Dearest young comrade A,

This will be a short note, but I must write it at once: today — on my birthday — I received your gorgeous present! I was touched to tears by your kindness. Be sure not a cent of your 200 dollars (two-hundred dollars only) shall be spent on anything else, save on printing costs of my book. (I took out 250 rupees — almost 30 dollars — to pay my house rent as the school will not pay me before Tuesday the 2nd; but I’ll put it back as soon as I get my pay.)

I wrote to the printer, an express letter, asking him to take up the work at once. When half the book is printed — i.e., when Chapter 6 will be (I’ll have twelve chapters) — I’ll send the last to you. Your French is surely good enough to read such easy prose. You more than deserve the “premisesses” of it at any rate.

Did you receive my two letters — one concerning Greece and the Allies during the First World War (in answer to some questions of yours about Cyprus) and the other about Johann von Leers’ book Odal, das Lebensgesetz eines ewigen Deutschland?

I am sorry Mr. Mukherhi expressed some insistence on your writing his full name, Sri Asit Krishna Mukherji, on the envelope. This is the trouble: you apparently sent your letter c/o Jogen Bose at “Temple Press.” Now Sri Jogen Bose’s partner is called M. K. Mukherji (it is doubtless his name that you remembered — that stuck in your subconscious mind — as you saw it along with the usual “copyright” formulas in the first (or second) page of my books — all printed at “Temple Press,” Calcutta, 2 Nayaratna Lane (Shyambazar). When your letter — addressed to M. K. Mukherji — reached the above address, naturally, the man of that name opened it. Only on starting reading it did he find out that it was not for him, but for Sri Asit Krishna Mukherji — Asit Babu, as they would address him in Bengali, when speaking to him. He quickly shut it again and excused himself (when meeting A. K. Mukherji) for having opened it.

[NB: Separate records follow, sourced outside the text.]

lemma bij_betw_graph_automorphisms_comp:
  assumes "graph_automorphism E t"
  shows "bij_betw (\<lambda>s. s \<circ> t) {s. graph_automorphism E s} {s. graph_automorphism E s}"
proof (rule bij_betw_byWitness[where f' = "\<lambda>s. s \<circ> inv t"])
  have "bij t" using assms by (rule graph_automorphism_bij)
  then have "t \<circ> inv t = id" and "inv t \<circ> t = id"
    by (simp_all add: surj_iff[symmetric] inj_iff[symmetric] bij_is_surj bij_is_inj)
  then show "\<forall>s\<in>{s. graph_automorphism E s}. s \<circ> t \<circ> inv t = s"
    and "\<forall>s\<in>{s. graph_automorphism E s}. s \<circ> inv t \<circ> t = s"
    by (simp_all add: comp_assoc)
  show "(\<lambda>s. s \<circ> t) ` {s. graph_automorphism E s} \<subseteq> {s. graph_automorphism E s}"
    using assms graph_automorphism_comp by blast
  show "(\<lambda>s. s \<circ> inv t) ` {s. graph_automorphism E s} \<subseteq> {s. graph_automorphism E s}"
    using graph_automorphism_inv[OF assms] graph_automorphism_comp by blast
qed

definition automorphism_average :: "('a::finite \<Rightarrow> 'a \<Rightarrow> bool) \<Rightarrow> ('a \<Rightarrow> 'a \<Rightarrow> real) \<Rightarrow> 'a \<Rightarrow> 'a \<Rightarrow> real" where
  "automorphism_average E B a b =
     (\<Sum>s | graph_automorphism E s. B (s a) (s b)) / card {s. graph_automorphism E s}"

lemma automorphism_average_comp:
  assumes "graph_automorphism E t"
  shows "automorphism_average E B (t a) (t b) = automorphism_average E B a b"
  using sum.reindex_bij_betw[OF bij_betw_graph_automorphisms_comp[OF assms], of "\<lambda>s. B (s a) (s b)"]
  unfolding automorphism_average_def by simp

lemma psd_automorphism_average:
  assumes "psd B"
  shows "psd (automorphism_average E B)"
proof -
  have "psd (\<lambda>a b. inverse (card {s. graph_automorphism E s}) *
      (\<Sum>s | graph_automorphism E s. B (s a) (s b)))"
  proof (rule psd_scale)
    show "psd (\<lambda>a b. \<Sum>s | graph_automorphism E s. B (s a) (s b))"
      by (rule psd_sum, rule psd_comp_bij[OF assms]) (simp add: graph_automorphism_bij)
  qed simp
  moreover have "automorphism_average E B = (\<lambda>a b. inverse (card {s. graph_automorphism E s}) *
      (\<Sum>s | graph_automorphism E s. B (s a) (s b)))"
    unfolding automorphism_average_def by (simp add: field_simps)
  ultimately show ?thesis by simp
qed

lemma automorphism_average_edge:
  assumes "\<forall>a b. E a b \<longrightarrow> B a b = 0" and "E a b"
  shows "automorphism_average E B a b = 0"
  using assms unfolding automorphism_average_def graph_automorphism_def by simp

lemma sum_automorphism_average:
  "(\<Sum>a\<in>UNIV. \<Sum>b\<in>UNIV. automorphism_average E B a b) = (\<Sum>a\<in>UNIV. \<Sum>b\<in>UNIV. B a b)"
proof -
  let ?A = "{s. graph_automorphism E s}"
  have "(\<Sum>a\<in>UNIV. \<Sum>b\<in>UNIV. automorphism_average E B a b)
      = (\<Sum>s\<in>?A. \<Sum>a\<in>UNIV. \<Sum>b\<in>UNIV. B (s a) (s b)) / card ?A"
    unfolding automorphism_average_def
    by (simp add: sum_divide_distrib[symmetric] sum.swap[of _ ?A])
  also have "\<dots> = (\<Sum>s\<in>?A. \<Sum>a\<in>UNIV. \<Sum>b\<in>UNIV. B a b) / card ?A"
    by (simp add: double_sum_comp_bij graph_automorphism_bij)
  also have "\<dots> = (\<Sum>a\<in>UNIV. \<Sum>b\<in>UNIV. B a b)"
    using graph_automorphism_id[of E] by auto
  finally show ?thesis .
qed

lemma trace_automorphism_average:
  "(\<Sum>a\<in>UNIV. automorphism_average E B a a) = (\<Sum>a\<in>UNIV. B a a)"
proof -
  let ?A = "{s. graph_automorphism E s}"
  have "(\<Sum>a\<in>UNIV. automorphism_average E B a a) = (\<Sum>s\<in>?A. \<Sum>a\<in>UNIV. B (s a) (s a)) / card ?A"
    unfolding automorphism_average_def by (simp add: sum_divide_distrib[symmetric] sum.swap[of _ ?A])
  also have "\<dots> = (\<Sum>s\<in>?A. \<Sum>a\<in>UNIV. B a a) / card ?A"
    by (simp add: sum_comp_bij[of _ "\<lambda>a. B a a"] graph_automorphism_bij)
  also have "\<dots> = (\<Sum>a\<in>UNIV. B a a)"
    using graph_automorphism_id[of E] by auto
  finally show ?thesis .
qed

lemma automorphism_average_diagonal:
  fixes E :: "'a::finite \<Rightarrow> 'a \<Rightarrow> bool"
  assumes "vertex_transitive E"
  shows "automorphism_average E B a a = (\<Sum>c\<in>UNIV. B c c) / CARD('a)"
proof -
  have diagonal_constant: "automorphism_average E B c c = automorphism_average E B a a" for c
  proof -
    obtain t where "graph_automorphism E t" and "t a = c"
      using assms unfolding vertex_transitive_def by blast
    then show ?thesis using automorphism_average_comp[of E t B a a] by simp
  qed
  have "(\<Sum>c\<in>UNIV. B c c) = (\<Sum>c\<in>UNIV. automorphism_average E B c c)"
    by (rule trace_automorphism_average[symmetric])
  also have "\<dots> = (\<Sum>c\<in>(UNIV :: 'a set). automorphism_average E B a a)"
    by (intro sum.cong refl diagonal_constant)
  also have "\<dots> = CARD('a) * automorphism_average E B a a"
    by simp
  finally show ?thesis by simp
qed

lemma sdp_feasible_of_lovasz_theta_witness:
  fixes E :: "'a::finite \<Rightarrow> 'a \<Rightarrow> bool"
  assumes "vertex_transitive E" and "psd B" and "(\<Sum>a\<in>UNIV. B a a) = 1"
    and "\<forall>a b. E a b \<longrightarrow> B a b = 0"
  shows "sdp_feasible E (\<lambda>a b. CARD('a) * automorphism_average E B a b)"
  unfolding sdp_feasible_def
proof (intro conjI allI impI)
  show "psd (\<lambda>a b. CARD('a) * automorphism_average E B a b)"
    by (rule psd_scale[OF _ psd_automorphism_average[OF assms(2)]]) simp
  fix a
  show "CARD('a) * automorphism_average E B a a = 1"
    by (simp add: automorphism_average_diagonal[OF assms(1)] assms(3))
  fix b
  assume "E a b"
  then show "CARD('a) * automorphism_average E B a b = 0"
    by (simp add: automorphism_average_edge[OF assms(4)])
qed

lemma uniform_in_unit_vecs: "(\<lambda>_::'a::finite. 1 / sqrt (real CARD('a))) \<in> unit_vecs"
  unfolding unit_vecs_def by (simp add: power_divide)

lemma sdp_H2_uniform_eq_lovasz_theta:
  fixes E :: "'a::finite \<Rightarrow> 'a \<Rightarrow> bool"
  assumes "vertex_transitive E"
  shows "sdp_H2 E (\<lambda>_. 1 / sqrt (real CARD('a))) = lovasz_theta E"
proof -
  let ?u = "\<lambda>_::'a. 1 / sqrt (real CARD('a))"
  have uniform_objective: "(\<Sum>a\<in>UNIV. \<Sum>b\<in>UNIV. M a b * ?u a * ?u b) = (\<Sum>a\<in>UNIV. \<Sum>b\<in>UNIV. M a b) / CARD('a)"
    for M :: "'a \<Rightarrow> 'a \<Rightarrow> real"
    by (simp add: sum_divide_distrib)
  have unit: "(\<Sum>a\<in>UNIV. (?u a)\<^sup>2) = 1"
    using uniform_in_unit_vecs unfolding unit_vecs_def by simp
  have "{(\<Sum>a\<in>UNIV. \<Sum>b\<in>UNIV. M a b * ?u a * ?u b) | M. sdp_feasible E M}
      = {(\<Sum>a\<in>UNIV. \<Sum>b\<in>UNIV. B a b) | B.
          psd B \<and> (\<Sum>a\<in>UNIV. B a a) = 1 \<and> (\<forall>a b. E a b \<longrightarrow> B a b = 0)}"
  proof (intro equalityI subsetI)
    fix t
    assume "t \<in> {(\<Sum>a\<in>UNIV. \<Sum>b\<in>UNIV. M a b * ?u a * ?u b) | M. sdp_feasible E M}"
    then obtain M where M: "sdp_feasible E M"
      and t: "t = (\<Sum>a\<in>UNIV. \<Sum>b\<in>UNIV. M a b * ?u a * ?u b)"
      by blast
    show "t \<in> {(\<Sum>a\<in>UNIV. \<Sum>b\<in>UNIV. B a b) | B.
        psd B \<and> (\<Sum>a\<in>UNIV. B a a) = 1 \<and> (\<forall>a b. E a b \<longrightarrow> B a b = 0)}"
      using lovasz_theta_witness_of_sdp_feasible[OF M unit] unfolding t
      by (intro CollectI exI[of _ "\<lambda>a b. M a b * ?u a * ?u b"]) simp
  next
    fix t
    assume "t \<in> {(\<Sum>a\<in>UNIV. \<Sum>b\<in>UNIV. B a b) | B.
        psd B \<and> (\<Sum>a\<in>UNIV. B a a) = 1 \<and> (\<forall>a b. E a b \<longrightarrow> B a b = 0)}"
    then obtain B where B: "psd B" "(\<Sum>a\<in>UNIV. B a a) = 1" "\<forall>a b. E a b \<longrightarrow> B a b = 0"
      and t: "t = (\<Sum>a\<in>UNIV. \<Sum>b\<in>UNIV. B a b)"
      by blast
    let ?M = "\<lambda>a b. CARD('a) * automorphism_average E B a b"
    have "t = (\<Sum>a\<in>UNIV. \<Sum>b\<in>UNIV. ?M a b * ?u a * ?u b)"
      unfolding uniform_objective t by (simp add: sum_distrib_left[symmetric] sum_automorphism_average)
    then show "t \<in> {(\<Sum>a\<in>UNIV. \<Sum>b\<in>UNIV. M a b * ?u a * ?u b) | M. sdp_feasible E M}"
      using sdp_feasible_of_lovasz_theta_witness[OF assms B] by (intro CollectI exI[of _ ?M]) simp
  qed
  then show ?thesis unfolding sdp_H2_def lovasz_theta_def by simp
qed

lemma sum_UNIV_option:
  "(\<Sum>p\<in>(UNIV::'a::finite option set). f p) = f None + (\<Sum>a\<in>UNIV. f (Some a))"
  by (simp add: UNIV_option_conv sum.reindex)

lemma block_matrix_quadratic_form:
  "(\<Sum>p\<in>UNIV. \<Sum>q\<in>UNIV. y p * block_matrix v M p q * y q)
   = (y None)\<^sup>2 + 2 * y None * (\<Sum>a\<in>UNIV. y (Some a) * v a)
     + bilinear_form M (\<lambda>a. y (Some a)) (\<lambda>a. y (Some a))"
  by (simp add: sum_UNIV_option block_matrix_def bilinear_form_def power2_eq_square
      algebra_simps sum.distrib sum_distrib_left sum_distrib_right)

Now if there is one thing that annoys Mr. A. K. Mukherji, it is the thought of anyone not concerned reading his letters. And how to convince him that this other Mukherji did not read it? He (my Mukherji) is so distrusting towards practically every person (save a very few), so accustomed to see and stress the least amiable side of mankind. He says we lost the war mainly because our Führer was “too trusting” — which is of course true — see the confidence He had put in the “Sister Nation’s” (England’s) good sense; and in His own generals — so many of whom betrayed him and plotted against him! A. K. M. is, I say, so accustomed to stress the dark side of mankind, that he is often unjust. (I am practically sure M. K. Mukherji did not read the letter, as soon as he found out it was not his.)

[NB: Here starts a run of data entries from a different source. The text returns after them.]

(* Let $\gamma>0$ and $r,k,q\in\mathbb{N}$ with $r/2<k\leq r-1$ and $r=k+q$. Let $c:=\lceil r/q\rceil$. Let $H_0$ be the complete bipartite graph $K_{k,q+1}$ with distinguished ordered pair $(w_1,w_2)$ of two distinct vertices both in the part of size $q+1$, and for $t\in\mathbb{N}$ let $\bm{{\mathcal H}}^t:=\{(H_0,s):1\leq s\leq 2^t\}$, where $(H_0,s)$ denotes the vector of length $s$ all of whose entries are $H_0$. Then there exist constants $\beta_3'=\beta_3'(r,k,\gamma)>0$ and $\alpha=\alpha(r,k,\gamma)>0$ such that for all sufficiently large $n$, the vertex set of any $n$-vertex graph $G$ with $\delta(G)\geq(1-\frac{k}{r}+\gamma)n$ can be partitioned into at most $c-1$ parts, each of which is $(\bm{{\mathcal H}}^c;\beta_3')$-closed and has size at least $\alpha n$.
   Context: Let $\bm{H}=(H^1,\dots,H^t)$ be a vector of $(r+1)$-vertex graphs, each with an ordered pair of distinct distinguished vertices $(w_1^i,w_2^i)$. An $\bm{H}$-path is obtained by taking vertex-disjoint copies of $H^1,\dots,H^t$ and identifying $w_2^i$ with $w_1^{i+1}$ for $i\in[t-1]$; its endpoints are $w_1^1$ and $w_2^t$. Two vertices $x,y$ of an $n$-vertex graph $G$ are $(\bm{H};\beta)$-reachable if there are at least $\beta n^{tr-1}$ distinct labelled embeddings of the $\bm{H}$-path into $G$ mapping the endpoints to $\{x,y\}$. For a set $\bm{{\mathcal H}}$ of such vectors, $x,y$ are $(\bm{{\mathcal H}};\beta)$-reachable if they are $(\bm{H};\beta)$-reachable for some $\bm{H}\in\bm{{\mathcal H}}$, and a vertex set $V'\subseteq V(G)$ is $(\bm{{\mathcal H}};\beta)$-closed if every pair of vertices of $V'$ is $(\bm{{\mathcal H}};\beta)$-reachable in $G$ (the paths need not lie inside $V'$). *)

theory Defs
  imports Complex_Main "HOL-Library.Disjoint_Sets" "HOL-Library.FuncSet"
begin

definition is_graph :: "'a set \<Rightarrow> ('a \<Rightarrow> 'a \<Rightarrow> bool) \<Rightarrow> bool" where
  "is_graph V E \<longleftrightarrow> finite V \<and> (\<forall>u v. E u v \<longrightarrow> u \<in> V \<and> v \<in> V \<and> E v u \<and> u \<noteq> v)"

definition min_deg_ge :: "'a set \<Rightarrow> ('a \<Rightarrow> 'a \<Rightarrow> bool) \<Rightarrow> real \<Rightarrow> bool" where
  "min_deg_ge V E d \<longleftrightarrow> (\<forall>v\<in>V. real (card {u\<in>V. E v u}) \<ge> d)"

text \<open>The (H0,s)-path, where H0 = K_{k,q+1} with distinguished vertices w1,w2
both in the part of size q+1.  Vertices:
  J j   (j \<le> s): the joint vertices; J i = w1 of copy i, J (i+1) = w2 of copy i
        (so copy i's w2 is identified with copy (i+1)'s w1); J 0, J s are the endpoints;
  A i a (i < s, a < k): the part of size k of copy i;
  B i b (i < s, b < q - 1): the remaining q-1 vertices of the part of size q+1 of copy i.\<close>

datatype pvert = J nat | A nat nat | B nat nat

definition path_verts :: "nat \<Rightarrow> nat \<Rightarrow> nat \<Rightarrow> pvert set" where
  "path_verts k q s =
     {J j | j. j \<le> s} \<union> {A i a | i a. i < s \<and> a < k} \<union> {B i b | i b. i < s \<and> b < q - 1}"

definition path_edge_dir :: "pvert \<Rightarrow> pvert \<Rightarrow> bool" where
  "path_edge_dir u v \<longleftrightarrow>
     (\<exists>i a. u = A i a \<and> (v = J i \<or> v = J (Suc i) \<or> (\<exists>b. v = B i b)))"

definition path_edge :: "pvert \<Rightarrow> pvert \<Rightarrow> bool" where
  "path_edge u v \<longleftrightarrow> path_edge_dir u v \<or> path_edge_dir v u"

So do excuse him if he showed any irritation. He will soon be seventy-one and seems to grow bitterer as he grows old. He missed the wonderful experience I had after the war, of seeing with my own eyes the strength and fortitude of the persecuted élite of Europe, and, I can say, of the whole Aryan race — its stand in silence against the dark forces, after material defeat — in the midst of Germany’s ruins (rubble in the streets up to the third floor!). He never had the honor of meeting those “men of gold and steel, whom defeat cannot crush, whom terror and torture cannot subdue, whom money cannot buy” (to quote my own words in Gold in the Furnace).

I loved your account of your experience at the Externsteine. I knew nothing of it.

Now there shall be no post, no buying and selling, etc. — on account of the anniversary of Gandhi’s birthday. So don’t be annoyed if this letter reaches you with some delay.

Shall write more soon.

With the greeting of the faithful,
H. H.
Savitri

“Mukherji” is not a surname (there are no surnames in India) but the name of the subdivision of Bengali Brahmins to which he (and all Mukherjis) belong.